Due to the retrospective nature of this study, a consecutive convenience sampling strategy was utilised. The cohort comprised all patients who were formally coded for an inpatient vascular surgical procedure within the EHRs during the designated four-month study window (July 2024 to October 2024) at Nottingham University Hospitals. By extracting every consecutive patient matching these specific procedural codes within the index period, selection bias was minimised. A post hoc assessment of sample size adequacy confirmed that the resulting 158 composite adverse outcome events across the final analytical cohort (n=196) significantly exceeded the standard 10 events per variable (EPV) guideline for logistic regression, ensuring robust statistical validity and model reproducibility [6].
Statistical analysis
Data were compiled within Microsoft Excel (Microsoft Corp., Redmond, WA, USA) and analysed using JASP (Version 0.16.0; University of Amsterdam, Amsterdam, Netherlands). A descriptive synthesis of the cohort was performed, with continuous variables summarised as means (±SD) or medians (IQR) and categorical parameters expressed as absolute frequencies and percentages. To delineate clinical differences across various patient profiles, exploratory subgroup analyses were conducted based on gender, procedural classifications (minimally invasive, open surgery), and baseline comorbidities (diabetes, hypertension). For these comparisons, Pearson’s chi-square test or Fisher’s exact test was used as appropriate for categorical data, with statistical significance threshold maintained at p<0.05.
The association between the staged categories of anaemia severity and the primary composite 30-day adverse outcome was initially assessed using bivariate analysis with the chi-square test. Subsequently, binomial logistic regression was used to evaluate three separate predictive models to identify the strongest clinical indicator among the preoperative anaemia severity model, the postoperative anaemia severity model, and the persistent perioperative anaemia model.

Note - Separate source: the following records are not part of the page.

(* Let $G$ be a finite, simple, connected graph with at least $2$ vertices. Then $2 \le \mathrm{mob}(G) \le \mathrm{gp}(G)$. Moreover, for any integers $2 \le a \le b$ there exists a (finite, simple, connected) graph $G$ with $\mathrm{mob}(G) = a$ and $\mathrm{gp}(G) = b$.
   Context: All graphs are finite, simple and connected. A set $S$ of vertices of $G$ is a general position set if no three distinct vertices of $S$ lie on a common shortest path of $G$; $\mathrm{gp}(G)$ is the maximum size of a general position set. Mobile general position sets: place one robot on each vertex of a general position set $S$. Robots move one at a time; a move is legal if a robot moves from its vertex to an adjacent unoccupied vertex and the new set of occupied vertices is again a general position set. $S$ is a mobile general position set if there is a finite sequence of legal moves such that every vertex of $G$ is occupied by some robot at some moment (including the initial configuration). $\mathrm{mob}(G)$ is the maximum cardinality of a mobile general position set of $G$. *)

theory Defs
  imports Main
begin
(* Let $\mathcal P$ be finite and, for each $p\in\mathcal P$, let $f_p:\mathbb R^n\to\mathbb R^n$ be continuously differentiable with $\dot x=f_p(x)$ forward complete. Let $\sigma$ be a switching signal, $K\subset\mathbb R^n$ compact with nonempty interior, $|\cdot|$ a norm on $\mathbb R^n$ and $\mu$ the matrix measure of its induced matrix norm. Then for all $x,\bar x\in K$ and all $t\ge0$, $$e^{\underline\eta_\sigma(t)}|\bar x-x|\le|\xi_\sigma(t,\bar x)-\xi_\sigma(t,x)|\le e^{\overline\eta_\sigma^{\mathrm{alt}}(t)}|\bar x-x|,$$ where $$\underline\eta_\sigma(t):=\sum_{p\in\mathcal P}\int_0^t\Big(\min_{v\in\mathrm{co}(\xi_\sigma(s,K))}-\mu(-J_xf_p(v))\Big)\mathbf 1[\sigma(s)=p]\,ds,$$ $$\overline\eta_\sigma^{\mathrm{alt}}(t):=\sum_{p\in\mathcal P}\int_0^t\Big(\max_{v\in\mathrm{co}(\xi_\sigma(s,K))}\mu(J_xf_p(v))\Big)\mathbf 1[\sigma(s)=p]\,ds.$$
   Context: A switching signal is a right-continuous piecewise-constant $\sigma:\mathbb R_{\ge0}\to\mathcal P$ with finitely many switches in every bounded interval; $\xi_\sigma(t,x)$ is the solution of $\dot x=f_\sigma(x)$ at time $t$ from $x$ at time $0$; $\xi_\sigma(t,K):=\{\xi_\sigma(t,x):x\in K\}$; $\mathrm{co}$ convex hull; $J_xf_p$ Jacobian. Matrix measure $\mu(A):=\lim_{t\searrow0}(\|I+tA\|-1)/t$. *)

theory Defs
  imports "HOL-Analysis.Analysis"
begin

definition is_norm :: "(real^'n \<Rightarrow> real) \<Rightarrow> bool" where
  "is_norm N \<longleftrightarrow> (\<forall>x. N x = 0 \<longleftrightarrow> x = 0) \<and> (\<forall>x y. N (x + y) \<le> N x + N y)
     \<and> (\<forall>c x. N (c *\<^sub>R x) = \<bar>c\<bar> * N x)"

definition induced_norm :: "(real^'n \<Rightarrow> real) \<Rightarrow> real^'n^'n \<Rightarrow> real" where
  "induced_norm N A = (SUP x\<in>{x. N x = 1}. N (A *v x))"

definition matrix_measure :: "(real^'n \<Rightarrow> real) \<Rightarrow> real^'n^'n \<Rightarrow> real" where
  "matrix_measure N A = Lim (at_right 0) (\<lambda>t. (induced_norm N (mat 1 + t *\<^sub>R A) - 1) / t)"

definition jacobian :: "(real^'n \<Rightarrow> real^'n) \<Rightarrow> real^'n \<Rightarrow> real^'n^'n" where
  "jacobian f v = matrix (frechet_derivative f (at v))"

definition continuously_differentiable :: "(real^'n \<Rightarrow> real^'n) \<Rightarrow> bool" where
  "continuously_differentiable g \<longleftrightarrow>
     (\<exists>g'. (\<forall>x. (g has_derivative blinfun_apply (g' x)) (at x)) \<and> continuous_on UNIV g')"

definition forward_complete :: "(real^'n \<Rightarrow> real^'n) \<Rightarrow> bool" where
  "forward_complete g \<longleftrightarrow> (\<forall>x. \<exists>\<xi>. \<xi> 0 = x \<and>
     (\<forall>t\<ge>0. (\<xi> has_vector_derivative g (\<xi> t)) (at t within {0..})))"

text \<open>Right-continuous piecewise constant signal on [0,infinity) with finitely many
  switches on every bounded interval: on [0,T), sigma(t) equals its value at the
  last switching time s <= t from a finite set S containing 0.\<close>
definition switching_signal :: "(real \<Rightarrow> 'p) \<Rightarrow> bool" where
  "switching_signal \<sigma> \<longleftrightarrow> (\<forall>T>0. \<exists>S. finite S \<and> 0 \<in> S \<and>
     (\<forall>t\<in>{0..<T}. \<sigma> t = \<sigma> (Max {s\<in>S. s \<le> t})))"

definition switched_sol ::
  "('p \<Rightarrow> real^'n \<Rightarrow> real^'n) \<Rightarrow> (real \<Rightarrow> 'p) \<Rightarrow> real^'n \<Rightarrow> (real \<Rightarrow> real^'n) \<Rightarrow> bool" where
  "switched_sol f \<sigma> x \<xi> \<longleftrightarrow> \<xi> 0 = x \<and> continuous_on {0..} \<xi> \<and>
     (\<forall>t\<ge>0. (\<xi> has_vector_derivative f (\<sigma> t) (\<xi> t)) (at t within {t..}))"

definition switched_flow ::
  "('p \<Rightarrow> real^'n \<Rightarrow> real^'n) \<Rightarrow> (real \<Rightarrow> 'p) \<Rightarrow> real \<Rightarrow> real^'n \<Rightarrow> real^'n" where
  "switched_flow f \<sigma> t x = (THE y. \<exists>\<xi>. switched_sol f \<sigma> x \<xi> \<and> \<xi> t = y)"

definition eta_lower ::
  "('p::finite \<Rightarrow> real^'n \<Rightarrow> real^'n) \<Rightarrow> (real \<Rightarrow> 'p) \<Rightarrow> (real^'n) set \<Rightarrow> (real^'n \<Rightarrow> real) \<Rightarrow> real \<Rightarrow> real" where
  "eta_lower f \<sigma> K N t = (\<Sum>p\<in>UNIV. integral {0..t} (\<lambda>s.
     (INF v\<in>convex hull (switched_flow f \<sigma> s ` K). - matrix_measure N (- jacobian (f p) v))
     * (if \<sigma> s = p then 1 else 0)))"

definition eta_upper_alt ::
  "('p::finite \<Rightarrow> real^'n \<Rightarrow> real^'n) \<Rightarrow> (real \<Rightarrow> 'p) \<Rightarrow> (real^'n) set \<Rightarrow> (real^'n \<Rightarrow> real) \<Rightarrow> real \<Rightarrow> real" where
  "eta_upper_alt f \<sigma> K N t = (\<Sum>p\<in>UNIV. integral {0..t} (\<lambda>s.
     (SUP v\<in>convex hull (switched_flow f \<sigma> s ` K). matrix_measure N (jacobian (f p) v))
     * (if \<sigma> s = p then 1 else 0)))"

end

theory Submission
  imports Defs
begin

text \<open>Let \<open>u(t)\<close> be the \<open>N\<close>-distance of the trajectories through \<open>x\<close> and \<open>x\<^sub>b\<close>. At each time
  the difference of the active vector field at the two points is, up to an arbitrarily small
  error, \<open>A (x\<^sub>b - x)\<close> for a mean \<open>A\<close> of Jacobians along the segment joining them. This segment
  lies in the convex hull of \<open>\<xi>\<^sub>\<sigma>(t, K)\<close>, and the matrix measure is subadditive, so \<open>\<mu>(A)\<close> is
  bounded by the supremum of \<open>\<mu>(J f\<^sub>p)\<close> over the hull. Since
  \<open>\<parallel>I + h A\<parallel> \<le> 1 + h (\<mu>(A) + o(1))\<close>, the upper right Dini derivative of \<open>u\<close> is at most that
  supremum times \<open>u\<close>; dually, \<open>x = (I - h A)(I + h A) x + h\<^sup>2 A\<^sup>2 x\<close> gives the lower rate with
  \<open>\<mu>(-A)\<close>. A Gronwall lemma for right Dini derivatives integrates these rates, one mode at a time
  because \<open>\<sigma>\<close> is only piecewise constant.\<close>

section \<open>Norms and matrix measures\<close>

definition measure_quotient :: "(real^'n \<Rightarrow> real) \<Rightarrow> real^'n^'n \<Rightarrow> real \<Rightarrow> real" where
  "measure_quotient N A h = (induced_norm N (mat 1 + h *\<^sub>R A) - 1) / h"

locale vector_norm =
  fixes N :: "real^'n \<Rightarrow> real"
  assumes is_norm: "is_norm N"
begin

lemma zero_iff: "N x = 0 \<longleftrightarrow> x = 0"
  using is_norm unfolding is_norm_def by blast

lemma triangle: "N (x + y) \<le> N x + N y"
  using is_norm unfolding is_norm_def by blast

lemma homogeneous: "N (c *\<^sub>R x) = \<bar>c\<bar> * N x"
  using is_norm unfolding is_norm_def by blast

lemma zero [simp]: "N 0 = 0"
  by (simp add: zero_iff)

lemma minus: "N (- x) = N x"
  using homogeneous[of "-1" x] by simp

The preoperative and postoperative anaemia models were designed to evaluate the association between preoperative and postoperative anaemia severity, respectively, and 30-day adverse outcomes. Anaemia severity was stratified according to the WHO anaemia criteria. The persistent perioperative anaemia model was designed to evaluate the association between sustained anaemia at both the preoperative and postoperative time points and 30-day adverse outcomes. This model was defined as a binary variable (Yes/No), representing patients who met the WHO criteria for anaemia at both the preoperative and postoperative time points.
To identify the optimal prognostic framework, models were appraised for clinical parsimony via the Akaike Information Criterion (AIC) and for explanatory power using Nagelkerke R2. The area under the receiver operating characteristic curve (AUC) was calculated for each model to compare their relative discriminative accuracy in predicting 30-day composite adverse outcomes. All metrics were computed directly within JASP's open-source regression framework under standard parametric assumptions, requiring no proprietary software licensure.